Work required: In the entries that follow, how many lines hold "lemma"? Nothing but the number is expected.

(Dataset entries)

▼

(* Let $L_0\in\mathbb{R}^{n\times n}$ have reduced SVD $L_0=U\Sigma V^*$, let $\Omega_{\mathrm{obs}}\subset[n]\times[n]$, $\Omega\subset\Omega_{\mathrm{obs}}$, $\Gamma=\Omega_{\mathrm{obs}}\setminus\Omega$, and let $S_0'$ be a matrix supported on $\Omega$. Assume that for every matrix $M\in\mathbb{R}^{n\times n}$, $\|\mathcal{P}_T\mathcal{P}_{\Gamma^\perp}M\|_F\le n\|\mathcal{P}_{T^\perp}\mathcal{P}_{\Gamma^\perp}M\|_F$, and take $\lambda>4/n$. Then $(L_0,S_0')$ is the unique solution of \[ \text{minimize } \|L\|_*+\lambda\|S\|_1\quad\text{subject to}\quad\mathcal{P}_{\Omega_{\mathrm{obs}}}(L+S)=\mathcal{P}_{\Omega_{\mathrm{obs}}}L_0+S_0' \] if there is a triple $(W,F,D)$ obeying \[ UV^*+W+\mathcal{P}_TD=\lambda(\mathrm{sgn}(S_0')+F), \] with $\mathcal{P}_TW=0$, $\|W\|<1/2$, $\mathcal{P}_{\Gamma^\perp}F=0$, $\|F\|_\infty<1/2$, and $\|\mathcal{P}_TD\|_F\le n^{-2}$.
   Context: $U,V\in\mathbb{R}^{n\times r}$ have orthonormal columns; $T=\{UX^*+YV^*: X,Y\in\mathbb{R}^{n\times r}\}$, $\mathcal{P}_T$ is the orthogonal projection onto $T$ (trace inner product), $\mathcal{P}_{T^\perp}=\mathcal{I}-\mathcal{P}_T$. For an index set $A$, $\mathcal{P}_A$ keeps entries in $A$ and zeroes the rest; $\mathcal{P}_{\Gamma^\perp}=\mathcal{I}-\mathcal{P}_\Gamma$. $\|W\|$ is the spectral norm, $\|\cdot\|_F$ the Frobenius norm, $\|F\|_\infty=\max_{ij}|F_{ij}|$, $\|\cdot\|_*$ the nuclear norm, $\|S\|_1=\sum_{ij}|S_{ij}|$, $\mathrm{sgn}$ the entrywise sign with $\mathrm{sgn}(0)=0$. *)

theory Defs
  imports "Jordan_Normal_Form.Matrix"
begin

(* Real n x n matrices are represented as Jordan_Normal_Form matrices (real mat)
   in carrier_mat n n; indices [n] are {0..<n}. *)

definition frob_inner :: "real mat \<Rightarrow> real mat \<Rightarrow> real" where
  "frob_inner A B = (\<Sum>i<dim_row A. \<Sum>j<dim_col A. A $$ (i,j) * B $$ (i,j))"

definition frob_norm :: "real mat \<Rightarrow> real" where
  "frob_norm A = sqrt (frob_inner A A)"

definition vec_norm2 :: "real vec \<Rightarrow> real" where
  "vec_norm2 x = sqrt (x \<bullet> x)"

definition spec_norm :: "real mat \<Rightarrow> real" where
  "spec_norm A = Sup {vec_norm2 (A *\<^sub>v x) | x. x \<in> carrier_vec (dim_col A) \<and> vec_norm2 x \<le> 1}"

definition max_norm :: "real mat \<Rightarrow> real" where
  "max_norm A = Max ({\<bar>A $$ (i,j)\<bar> | i j. i < dim_row A \<and> j < dim_col A} \<union> {0})"

definition l1_norm :: "real mat \<Rightarrow> real" where
  "l1_norm A = (\<Sum>i<dim_row A. \<Sum>j<dim_col A. \<bar>A $$ (i,j)\<bar>)"

definition nuc_norm :: "real mat \<Rightarrow> real" where
  "nuc_norm A = (THE s. \<exists>U S V. U \<in> carrier_mat (dim_row A) (dim_row A)
      \<and> V \<in> carrier_mat (dim_row A) (dim_row A) \<and> S \<in> carrier_mat (dim_row A) (dim_row A)
      \<and> transpose_mat U * U = 1\<^sub>m (dim_row A) \<and> transpose_mat V * V = 1\<^sub>m (dim_row A)
      \<and> diagonal_mat S \<and> (\<forall>i<dim_row A. S $$ (i,i) \<ge> 0)
      \<and> A = U * S * transpose_mat V \<and> s = (\<Sum>i<dim_row A. S $$ (i,i)))"

definition sgn_mat :: "real mat \<Rightarrow> real mat" where
  "sgn_mat A = map_mat sgn A"

definition proj_idx :: "(nat \<times> nat) set \<Rightarrow> real mat \<Rightarrow> real mat" where
  "proj_idx A M = mat (dim_row M) (dim_col M) (\<lambda>ij. if ij \<in> A then M $$ ij else 0)"

definition tangent_space :: "nat \<Rightarrow> nat \<Rightarrow> real mat \<Rightarrow> real mat \<Rightarrow> real mat set" where
  "tangent_space n r U V = {U * transpose_mat X + Y * transpose_mat V | X Y.
       X \<in> carrier_mat n r \<and> Y \<in> carrier_mat n r}"
theorem mainTheorem15:
  fixes d0 :: "'s::finite \<Rightarrow> real" and R :: "'s \<Rightarrow> 'a::finite \<Rightarrow> real"
    and \<gamma> \<epsilon> :: real and T T' :: "'s \<Rightarrow> 'a \<Rightarrow> 's \<Rightarrow> real"
  assumes "is_dist d0"
    and "0 \<le> \<gamma>" and "\<gamma> < 1"
    and "\<forall>s a. 0 \<le> R s a \<and> R s a \<le> 1"
    and "is_transition T" and "is_transition T'"
    and "tv_gap T T' > 0"
    and "\<epsilon> > 0"
    and "1 / (1 - \<gamma>) < sqrt (\<epsilon> / tv_gap T T')"
  shows "\<forall>PS. (\<forall>p\<in>PS. is_policy p) \<longrightarrow> unexploitable d0 R \<gamma> \<epsilon> PS T T'"
proof (intro allI impI)
  fix PS :: "(nat \<Rightarrow> 's \<Rightarrow> 'a \<Rightarrow> real) set"
  assume policies: "\<forall>p\<in>PS. is_policy p"
  have "(1 / (1 - \<gamma>))\<^sup>2 < (sqrt (\<epsilon> / tv_gap T T'))\<^sup>2"
    using assms(3,9) by (intro power_strict_mono) auto
  then have "tv_gap T T' / (1 - \<gamma>)\<^sup>2 < \<epsilon>"
    using assms(7,8) by (simp add: power_divide field_simps)
  moreover have "\<bar>J d0 R \<gamma> T p - J d0 R \<gamma> T' p\<bar> \<le> tv_gap T T' / (1 - \<gamma>)\<^sup>2" if "p \<in> PS" for p
    using policies that assms(1-6) by (intro J_diff_le) auto
  ultimately show "unexploitable d0 R \<gamma> \<epsilon> PS T T'"
    by (intro unexploitable_if_J_close) fastforce
qed

end
definition connection :: "('x \<Rightarrow> 'x \<Rightarrow> real) \<Rightarrow> ('x \<Rightarrow> nat)
    \<Rightarrow> ('x \<Rightarrow> 'x \<Rightarrow> (nat \<Rightarrow> complex) \<Rightarrow> (nat \<Rightarrow> complex)) \<Rightarrow> bool" where
  "connection b d \<Phi> \<longleftrightarrow>
     (\<forall>x y. 0 < b x y \<longrightarrow>
        fib_linear (d y) (\<Phi> x y) \<and>
        (\<forall>v\<in>fib (d y). \<Phi> x y v \<in> fib (d x)) \<and>
        (\<forall>u\<in>fib (d y). \<forall>v\<in>fib (d y). finner (d x) (\<Phi> x y u) (\<Phi> x y v) = finner (d y) u v) \<and>
        (\<forall>v\<in>fib (d y). \<Phi> y x (\<Phi> x y v) = v))"

definition selfadj_endo :: "('x \<Rightarrow> nat) \<Rightarrow> ('x \<Rightarrow> (nat \<Rightarrow> complex) \<Rightarrow> (nat \<Rightarrow> complex)) \<Rightarrow> bool" where
  "selfadj_endo d W \<longleftrightarrow>
     (\<forall>x. fib_linear (d x) (W x) \<and> (\<forall>v\<in>fib (d x). W x v \<in> fib (d x)) \<and>
        (\<forall>u\<in>fib (d x). \<forall>v\<in>fib (d x). finner (d x) (W x u) v = finner (d x) u (W x v)))"

definition Mop :: "('x \<Rightarrow> 'x \<Rightarrow> real) \<Rightarrow> ('x \<Rightarrow> 'x \<Rightarrow> (nat \<Rightarrow> complex) \<Rightarrow> (nat \<Rightarrow> complex))
    \<Rightarrow> ('x \<Rightarrow> (nat \<Rightarrow> complex) \<Rightarrow> (nat \<Rightarrow> complex))
    \<Rightarrow> ('x \<Rightarrow> nat \<Rightarrow> complex) \<Rightarrow> ('x \<Rightarrow> nat \<Rightarrow> complex)" where
  "Mop b \<Phi> W f = (\<lambda>x i. (\<Sum>y\<in>{y. b x y \<noteq> 0}. complex_of_real (b x y) * (f x i - \<Phi> x y (f y) i))
                        + W x (f x) i)"

end

theory Submission
  imports Defs
begin

text \<open>
  Each coordinate of M f is a finite linear combination of coordinates of f, which gives
  continuity, and the symmetry (M \<phi>, f) = (\<phi>, M f) is a finite rearrangement using the
  unitarity of \<Phi>, the symmetry of b and the self-adjointness of W.

  If M is surjective and M \<psi> = 0 for a finitely supported \<psi>, write \<psi> = M f; then
  (\<psi>, \<psi>) = (M \<psi>, f) = 0. Conversely, let M be injective on finitely supported sections.
  For finite K the equation M f = g can be solved on K: otherwise a nonzero finitely
  supported \<psi> annihilates the range of M, and (M \<psi>, M \<psi>) = (\<psi>, M (M \<psi>)) = 0 forces
  M \<psi> = 0. Exhausting X by finite sets K n, the solution sets S n on K n decrease and are
  affine; their restrictions to a finite set lie in a finite-dimensional space, where
  decreasing affine sets stabilise. A Mittag-Leffler argument then glues compatible
  restrictions into a global solution.
\<close>

section \<open>Linear algebra in finitely many coordinates\<close>

definition csubspace :: "('c \<Rightarrow> complex) set \<Rightarrow> bool" where
  "csubspace R \<longleftrightarrow> (\<lambda>_. 0) \<in> R \<and> (\<forall>r\<in>R. \<forall>s\<in>R. \<forall>a. (\<lambda>c. r c + a * s c) \<in> R)"
lemma subring_sum: "is_subring S \<Longrightarrow> (\<And>i. i \<in> A \<Longrightarrow> f i \<in> S) \<Longrightarrow> sum f A \<in> S"
  by (induction A rule: infinite_finite_induct) (auto intro: subring_zero subring_add)

lemma subring_Int: "is_subring S \<Longrightarrow> is_subring S' \<Longrightarrow> is_subring (S \<inter> S')"
  unfolding is_subring_def by blast

lemma maximal_subring_ofD: "maximal_subring_of V T \<Longrightarrow> is_subring V \<and> V \<subseteq> T"
  unfolding maximal_subring_of_def by blast

lemma maximal_subring_of_eq:
  assumes "maximal_subring_of V T" "is_subring S" "V \<subseteq> S" "S \<subseteq> T" "y \<in> S" "y \<notin> V"
  shows "S = T"
  using assms unfolding maximal_subring_of_def by blast

lemma power_mult_commuting:
  fixes a b :: "'a::monoid_mult"
  assumes "a * b = b * a"
  shows "(a * b) ^ n = a ^ n * b ^ n"
proof (induction n)
  case (Suc n)
  have "(a * b) ^ Suc n = a * (b * a ^ n) * b ^ n"
    by (simp add: Suc mult.assoc)
  also have "\<dots> = a ^ Suc n * b ^ Suc n"
    by (simp add: power_commuting_commutes[OF assms, symmetric] mult.assoc)
  finally show ?case .
qed simp

lemma center_commute: "a \<in> center \<Longrightarrow> a * b = b * a"
  unfolding center_def by blast

lemma is_subring_center: "is_subring (center :: 'a::ring_1 set)"
  unfolding is_subring_def center_def
proof (intro conjI ballI)
  fix a c :: 'a assume "a \<in> {a. \<forall>b. a * b = b * a}" "c \<in> {a. \<forall>b. a * b = b * a}"
  then have a: "\<And>b. a * b = b * a" and c: "\<And>b. c * b = b * c" by auto
  show "a - c \<in> {a. \<forall>b. a * b = b * a}"
    by (simp add: left_diff_distrib right_diff_distrib a c)
  show "a * c \<in> {a. \<forall>b. a * b = b * a}"
  proof (intro CollectI allI)
    fix b
    have "a * c * b = a * (b * c)" by (simp add: mult.assoc c)
    also have "\<dots> = (a * b) * c" by (rule mult.assoc[symmetric])
    also have "\<dots> = b * (a * c)" by (simp only: a[of b] mult.assoc)
    finally show "a * c * b = b * (a * c)" .
  qed
qed simp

▲

Exercise output: 7